Tonight I sat reading a writing book in blissful silence when suddenly sometime after 8:30, the doorbell rang, waking two of three sleeping people up— it was the Amazon delivery that had been marked as delivered several hours before that had never shown up. The sleepy humans came out, ate dinner, and then we sat around reading silly memes to each other for more than an hour until it was time to get Greg. Greg got into the car and said “I had a great time at the dance, but all my friends are going to Whataburger now, Mom. It’s tradition!” So me and my sleepy self sat at the mom table and watched my kid interact with his friends. (Boys move around way more than the girls) Met some nice moms I’d never met and saw some familiar faces, too.

Health Woes, again

Saw the neurologist today. Apparently I’m having one of those rare drug interactions no one else gets.
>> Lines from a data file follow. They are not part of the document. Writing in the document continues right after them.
(* Let $G$ be a median graph, let $p,q$ be vertices of $G$, and let $k$ be the largest dimension of a cube subgraph of the subgraph $G(I(p,q))$ induced by $I(p,q)$. Then (i) for every vertex $v\in I(p,q)$ and any $m$ distinct neighbors $y_1,\dots,y_m$ of $v$ lying in $I(v,q)$, there is an $m$-dimensional cube subgraph of $G$ contained in $I(v,q)$ and containing $v,y_1,\dots,y_m$; and (ii) $G(I(p,q))$ admits an isometric embedding into the $k$-dimensional grid $\mathbb Z^k=\prod_{i=1}^k P_i$ (Cartesian product of $k$ two-way infinite paths, with its graph metric).
   Context: A median graph is a connected graph in which for every three vertices $u,v,w$ the set $I(u,v)\cap I(v,w)\cap I(w,u)$ consists of a single vertex, where $I(a,b)=\{z:d_G(a,z)+d_G(z,b)=d_G(a,b)\}$ and $d_G$ is the graph distance. $G(S)$ denotes the subgraph induced by a vertex set $S$. An $m$-dimensional cube subgraph is a subgraph isomorphic to the hypercube graph $Q_m$. An isometric embedding of graphs is a map $f$ with $d(f(a),f(b))=d_G(a,b)$ for all vertices $a,b$. *)

theory Defs
  imports Main
begin

definition simple_graph :: "'a set \<Rightarrow> ('a \<Rightarrow> 'a \<Rightarrow> bool) \<Rightarrow> bool" where
  "simple_graph V E \<longleftrightarrow> (\<forall>x y. E x y \<longrightarrow> x \<in> V \<and> y \<in> V) \<and>
      (\<forall>x y. E x y \<longrightarrow> E y x) \<and> (\<forall>x. \<not> E x x)"

definition walk :: "'a set \<Rightarrow> ('a \<Rightarrow> 'a \<Rightarrow> bool) \<Rightarrow> 'a list \<Rightarrow> bool" where
  "walk V E xs \<longleftrightarrow> xs \<noteq> [] \<and> set xs \<subseteq> V \<and> successively E xs"

definition connected_graph :: "'a set \<Rightarrow> ('a \<Rightarrow> 'a \<Rightarrow> bool) \<Rightarrow> bool" where
  "connected_graph V E \<longleftrightarrow>
     (\<forall>a\<in>V. \<forall>b\<in>V. \<exists>xs. walk V E xs \<and> hd xs = a \<and> last xs = b)"

definition gdist :: "'a set \<Rightarrow> ('a \<Rightarrow> 'a \<Rightarrow> bool) \<Rightarrow> 'a \<Rightarrow> 'a \<Rightarrow> nat" where
  "gdist V E a b = (LEAST n. \<exists>xs. walk V E xs \<and> hd xs = a \<and> last xs = b \<and> length xs = Suc n)"

definition interval :: "'a set \<Rightarrow> ('a \<Rightarrow> 'a \<Rightarrow> bool) \<Rightarrow> 'a \<Rightarrow> 'a \<Rightarrow> 'a set" where
  "interval V E a b = {z \<in> V. gdist V E a z + gdist V E z b = gdist V E a b}"

definition median_graph :: "'a set \<Rightarrow> ('a \<Rightarrow> 'a \<Rightarrow> bool) \<Rightarrow> bool" where
  "median_graph V E \<longleftrightarrow> simple_graph V E \<and> connected_graph V E \<and>
     (\<forall>u\<in>V. \<forall>v\<in>V. \<forall>w\<in>V. \<exists>!x. x \<in> interval V E u v \<inter> interval V E v w \<inter> interval V E w u)"

definition induced_adj :: "('a \<Rightarrow> 'a \<Rightarrow> bool) \<Rightarrow> 'a set \<Rightarrow> 'a \<Rightarrow> 'a \<Rightarrow> bool" where
  "induced_adj E S x y \<longleftrightarrow> E x y \<and> x \<in> S \<and> y \<in> S"

text \<open>Hypercube Q_m: vertices are the subsets of {0..<m}, adjacent iff they differ in one element.\<close>
definition cube_verts :: "nat \<Rightarrow> nat set set" where
  "cube_verts m = Pow {..<m}"

definition cube_adj :: "nat set \<Rightarrow> nat set \<Rightarrow> bool" where
  "cube_adj A B \<longleftrightarrow> card ((A - B) \<union> (B - A)) = 1"

text \<open>f is an isomorphism from Q_m onto a subgraph of (V,E) whose vertex set lies in S.
  (A subgraph isomorphic to Q_m is exactly the image of such an f.)\<close>
definition cube_subgraph_map :: "'a set \<Rightarrow> ('a \<Rightarrow> 'a \<Rightarrow> bool) \<Rightarrow> nat \<Rightarrow> (nat set \<Rightarrow> 'a) \<Rightarrow> bool" where
  "cube_subgraph_map V E m f \<longleftrightarrow> inj_on f (cube_verts m) \<and> f ` cube_verts m \<subseteq> V \<and>
     (\<forall>A\<in>cube_verts m. \<forall>B\<in>cube_verts m. cube_adj A B \<longrightarrow> E (f A) (f B))"

definition has_cube :: "'a set \<Rightarrow> ('a \<Rightarrow> 'a \<Rightarrow> bool) \<Rightarrow> nat \<Rightarrow> bool" where
  "has_cube V E m \<longleftrightarrow> (\<exists>f. cube_subgraph_map V E m f)"

text \<open>The k-dimensional grid Z^k (Cartesian product of k two-way infinite paths):
  vertices are integer vectors (functions nat => int vanishing outside {0..<k}),
  adjacent iff they differ in exactly one coordinate, by exactly 1.\<close>
definition grid_verts :: "nat \<Rightarrow> (nat \<Rightarrow> int) set" where
  "grid_verts k = {x. \<forall>i\<ge>k. x i = 0}"

definition grid_adj :: "nat \<Rightarrow> (nat \<Rightarrow> int) \<Rightarrow> (nat \<Rightarrow> int) \<Rightarrow> bool" where
  "grid_adj k x y \<longleftrightarrow> x \<in> grid_verts k \<and> y \<in> grid_verts k \<and>
     (\<exists>i<k. \<bar>x i - y i\<bar> = 1 \<and> (\<forall>j. j \<noteq> i \<longrightarrow> x j = y j))"

definition isometric_embedding ::
  "'a set \<Rightarrow> ('a \<Rightarrow> 'a \<Rightarrow> bool) \<Rightarrow> 'b set \<Rightarrow> ('b \<Rightarrow> 'b \<Rightarrow> bool) \<Rightarrow> ('a \<Rightarrow> 'b) \<Rightarrow> bool" where
  "isometric_embedding V E W F f \<longleftrightarrow> f ` V \<subseteq> W \<and>
     (\<forall>a\<in>V. \<forall>b\<in>V. gdist W F (f a) (f b) = gdist V E a b)"

end

theory Submission
  imports Defs
begin

text \<open>
  The proof uses Djokovi\'c--Winkler half-spaces. After basic facts on distances defined via
  walks, we show that in a median graph the half-spaces \<open>W a b\<close> of edges behave like
  coordinates of a hypercube: an edge leaving a half-space determines it, the half-spaces
  separating \<open>x\<close> from \<open>y\<close> are exactly \<open>d x y\<close> many, and distances are symmetric differences
  of separator sets seen from a base point. Seen from \<open>p\<close>, the interval \<open>I(p,q)\<close> is closed
  under unions of separator sets (the median with \<open>q\<close> is a join); this produces, from \<open>m\<close>
  neighbours of \<open>v\<close> towards \<open>q\<close>, an \<open>m\<close>-cube, which is part (i).
  For part (ii) the half-spaces separating \<open>p\<close> from \<open>q\<close> are partially ordered; their
  down-sets are the separator sets of vertices of \<open>I(p,q)\<close>, so an antichain yields a cube and
  the width is at most \<open>k\<close>. Dilworth's theorem covers the poset by \<open>k\<close> chains, and counting
  crossed half-spaces per chain gives grid coordinates whose \<open>\<ell>\<^sub>1\<close>-distance is the distance
  in the (convex) interval.
\<close>

section \<open>Distances defined by walks\<close>

lemma walk_singleton [simp]: "walk W F [x] \<longleftrightarrow> x \<in> W"
  by (simp add: walk_def)

lemma walk_Cons_Cons [simp]: "walk W F (x # y # xs) \<longleftrightarrow> x \<in> W \<and> F x y \<and> walk W F (y # xs)"
  by (auto simp: walk_def)

lemma gdist_less_length:
  assumes "walk W F xs" "hd xs = a" "last xs = b"
  shows "gdist W F a b < length xs"
proof -
  have ne: "xs \<noteq> []" using assms(1) by (simp add: walk_def)
  then have "\<exists>ys. walk W F ys \<and> hd ys = a \<and> last ys = b \<and> length ys = Suc (length xs - 1)"
    using assms by (intro exI[of _ xs]) auto
  then have "gdist W F a b \<le> length xs - 1" unfolding gdist_def by (rule Least_le)
  with ne show ?thesis by (cases xs) auto
qed

lemma shortest_walk_exists:
  assumes "walk W F xs" "hd xs = a" "last xs = b"
  shows "\<exists>ys. walk W F ys \<and> hd ys = a \<and> last ys = b \<and> length ys = Suc (gdist W F a b)"
proof -
  have "xs \<noteq> []" using assms(1) by (simp add: walk_def)
  then have "\<exists>n ys. walk W F ys \<and> hd ys = a \<and> last ys = b \<and> length ys = Suc n"
    using assms by (intro exI[of _ "length xs - 1"] exI[of _ xs]) auto
  then show ?thesis unfolding gdist_def by (rule LeastI_ex)
qed

lemma gdist_potential:
  assumes zW: "z \<in> W"
    and lipschitz: "\<And>x y. F x y \<Longrightarrow> \<delta> x \<le> Suc (\<delta> y)"
    and descent: "\<And>x. x \<in> W \<Longrightarrow> \<delta> x \<noteq> 0 \<Longrightarrow> \<exists>y\<in>W. F x y \<and> \<delta> x = Suc (\<delta> y)"
    and zero: "\<And>x. x \<in> W \<Longrightarrow> \<delta> x = 0 \<Longrightarrow> x = z"
    and dz: "\<delta> z = 0"
    and xW: "x \<in> W"
  shows "gdist W F x z = \<delta> x"
proof -
  have lower: "\<delta> x < length (x # ys)" if "walk W F (x # ys)" "last (x # ys) = z" for ys x
    using that
  proof (induction ys arbitrary: x)
    case Nil then show ?case using dz by simp
  next
    case (Cons y ys)
    then have "F x y" "\<delta> y < length (y # ys)" by auto
    with lipschitz[OF \<open>F x y\<close>] show ?case by simp
  qed
  have upper: "\<exists>ys. walk W F ys \<and> hd ys = x \<and> last ys = z \<and> length ys = Suc n"
    if "x \<in> W" "\<delta> x = n" for n x
    using that
  proof (induction n arbitrary: x)
    case 0 then show ?case using zero by (intro exI[of _ "[x]"]) auto
  next
    case (Suc n)
    then obtain y where y: "y \<in> W" "F x y" "\<delta> x = Suc (\<delta> y)" using descent by fastforce
    then obtain ys where ys: "walk W F ys" "hd ys = y" "last ys = z" "length ys = Suc n"
      using Suc by auto
    then obtain r where "ys = y # r" by (cases ys) auto
    then show ?case using ys y Suc.prems by (intro exI[of _ "x # ys"]) auto
  qed
  obtain ys where ys: "walk W F ys" "hd ys = x" "last ys = z" "length ys = Suc (\<delta> x)"
    using upper[OF xW refl] by blast
  have "gdist W F x z \<le> \<delta> x" using gdist_less_length[OF ys(1-3)] ys(4) by simp
  moreover obtain zs where zs: "walk W F zs" "hd zs = x" "last zs = z"
    "length zs = Suc (gdist W F x z)"
    using shortest_walk_exists[OF ys(1-3)] by blast
  moreover obtain r where "zs = x # r" using zs by (cases zs) (auto simp: walk_def)
  ultimately show ?thesis using lower[of x r] by simp
qed

section \<open>Metric facts in median graphs\<close>

locale median =
  fixes V :: "'a set" and E :: "'a \<Rightarrow> 'a \<Rightarrow> bool"
  assumes median: "median_graph V E"
begin

abbreviation "d \<equiv> gdist V E"
abbreviation "Itv \<equiv> interval V E"

lemma adj_in_V: "E a b \<Longrightarrow> a \<in> V \<and> b \<in> V"
  using median by (simp add: median_graph_def simple_graph_def)

lemma adj_sym: "E a b \<Longrightarrow> E b a"
  using median by (simp add: median_graph_def simple_graph_def)

lemma adj_irrefl: "\<not> E a a"
  using median by (simp add: median_graph_def simple_graph_def)

lemma shortest_path:
  assumes "a \<in> V" "b \<in> V"
  shows "\<exists>ys. walk V E ys \<and> hd ys = a \<and> last ys = b \<and> length ys = Suc (d a b)"
  using assms median shortest_walk_exists
  unfolding median_graph_def connected_graph_def by metis

lemma dist_self [simp]: "a \<in> V \<Longrightarrow> d a a = 0"
  using gdist_less_length[of V E "[a]" a a] by simp

lemma dist_eq_0D:
  assumes "a \<in> V" "b \<in> V" "d a b = 0"
  shows "a = b"
proof -
  obtain ys where "walk V E ys" "hd ys = a" "last ys = b" "length ys = Suc 0"
    using shortest_path assms by force
  then show ?thesis by (cases ys) auto
qed

lemma dist_adj_le:
  assumes "E a b" "c \<in> V"
  shows "d a c \<le> Suc (d b c)"
proof -
  obtain ys where ys: "walk V E ys" "hd ys = b" "last ys = c" "length ys = Suc (d b c)"
    using shortest_path assms adj_in_V by blast
  then obtain r where r: "ys = b # r" by (cases ys) (auto simp: walk_def)
  have "walk V E (a # ys)" using ys r assms adj_in_V by auto
  then have "d a c < length (a # ys)" using gdist_less_length[of V E "a # ys" a c] ys r by auto
  then show ?thesis using ys by simp
qed

lemma dist_SucE:
  assumes "a \<in> V" "b \<in> V" "d a b = Suc n"
  shows "\<exists>c. E a c \<and> d c b = n"
proof -
  obtain ys where ys: "walk V E ys" "hd ys = a" "last ys = b" "length ys = Suc (Suc n)"
    using shortest_path assms by force
  then obtain c r where r: "ys = a # c # r" by (cases ys; cases "tl ys") auto
  then have "E a c" "walk V E (c # r)" using ys by auto
  then have "d c b \<le> n" using gdist_less_length[of V E "c # r" c b] ys r by auto
  moreover have "Suc n \<le> Suc (d c b)" using dist_adj_le[OF \<open>E a c\<close> assms(2)] assms by simp
  ultimately show ?thesis using \<open>E a c\<close> by auto
qed

lemma dist_triangle:
  assumes "a \<in> V" "b \<in> V" "c \<in> V"
  shows "d a c \<le> d a b + d b c"
  using assms
proof (induction "d a b" arbitrary: a)
  case 0 then show ?case using dist_eq_0D by fastforce
next
  case (Suc n)
  then obtain a' where "E a a'" "d a' b = n" using dist_SucE by metis
  then have "d a' c \<le> d a' b + d b c" using Suc adj_in_V by auto
  then show ?case using dist_adj_le[OF \<open>E a a'\<close> \<open>c \<in> V\<close>] \<open>d a' b = n\<close> Suc.hyps by simp
qed

lemma dist_sym:
  assumes "a \<in> V" "b \<in> V"
  shows "d a b = d b a"
proof -
  have le: "d b a \<le> d a b" if "a \<in> V" "b \<in> V" for a b
    using that
  proof (induction "d a b" arbitrary: a)
    case 0 then show ?case using dist_eq_0D by fastforce
  next
    case (Suc n)
    then obtain c where c: "E a c" "d c b = n" using dist_SucE by metis
    then have "d b c \<le> n" using Suc adj_in_V by auto
    moreover have "d b a \<le> d b c + d c a" using dist_triangle Suc adj_in_V c by blast
    moreover have "d c a \<le> 1" using dist_adj_le[OF adj_sym[OF c(1)]] adj_in_V c by fastforce
    ultimately show ?case using Suc.hyps by simp
  qed
  show ?thesis using le[OF assms] le[OF assms(2,1)] by simp
qed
Symptoms include erratically high and low blood pressure, chest pain, numbness & tingling, dizziness, memory loss, slurred speech, muscle & joint pain, muscle spasms, and ringing in the ears. So that explains just about everything except the weird spiderwebby nerve-feelings in my knees, which might be explained by my use of all the weird new equipment my gym has recently brought in to replace the stuff I used to use. Picked up my new meds, but it’ll be 2 weeks (according to the neurologist, or more, according to the pharmacist) before I’m ready for exciting life events again. So if you’ve seen/continue to see me dropping off the radar for the next few weeks, now you know why.

One Crazy Night!

One crazy night! Started off at Greg’s school for dinner from a taco truck and then headed over to Ree’s school for Parent Marcher Night and then headed back to Greg’s school to finish out Meet the Teacher with him and Nick. At one point I was talking to a teacher and completely forgot the word “Mom.” Oh my goodness. Finished out the night with a sno-cone. Mmmm….

 

Protein Enriched Muffins of Joy

You know me and my muffin experiments. Today I was trying to make healthier ones that tasted good and were a bit more fiber and protein filled (no one ate veggies yesterday because we were away from home and the food choices were not ours and today is a LONG day). The kids ate these super fast and raved about them.

Preheat oven to 400F.

Dry:
1 1/2 cup generic white flour
1/2 cup chocolate flavored protein powder
1 serving scoop orange flavored fiber powder
1 TBL ground flaxseed
1/4 cup sugar
1/4 tsp kosher salt
1 TBL aluminum free baking powder
1/2 cup semi-sweet chocolate chips

Wet:
1/2 tsp orange flavoring
1 cup 2% milk
1 large egg
2 TBL expellier pressed canola oil

Mix the dry and wet separately, then combine, scoop into greased muffin tins, and bake for 12 minutes or until nicely browned on top. These get pretty brown and slightly shiny, unlike my regular muffins.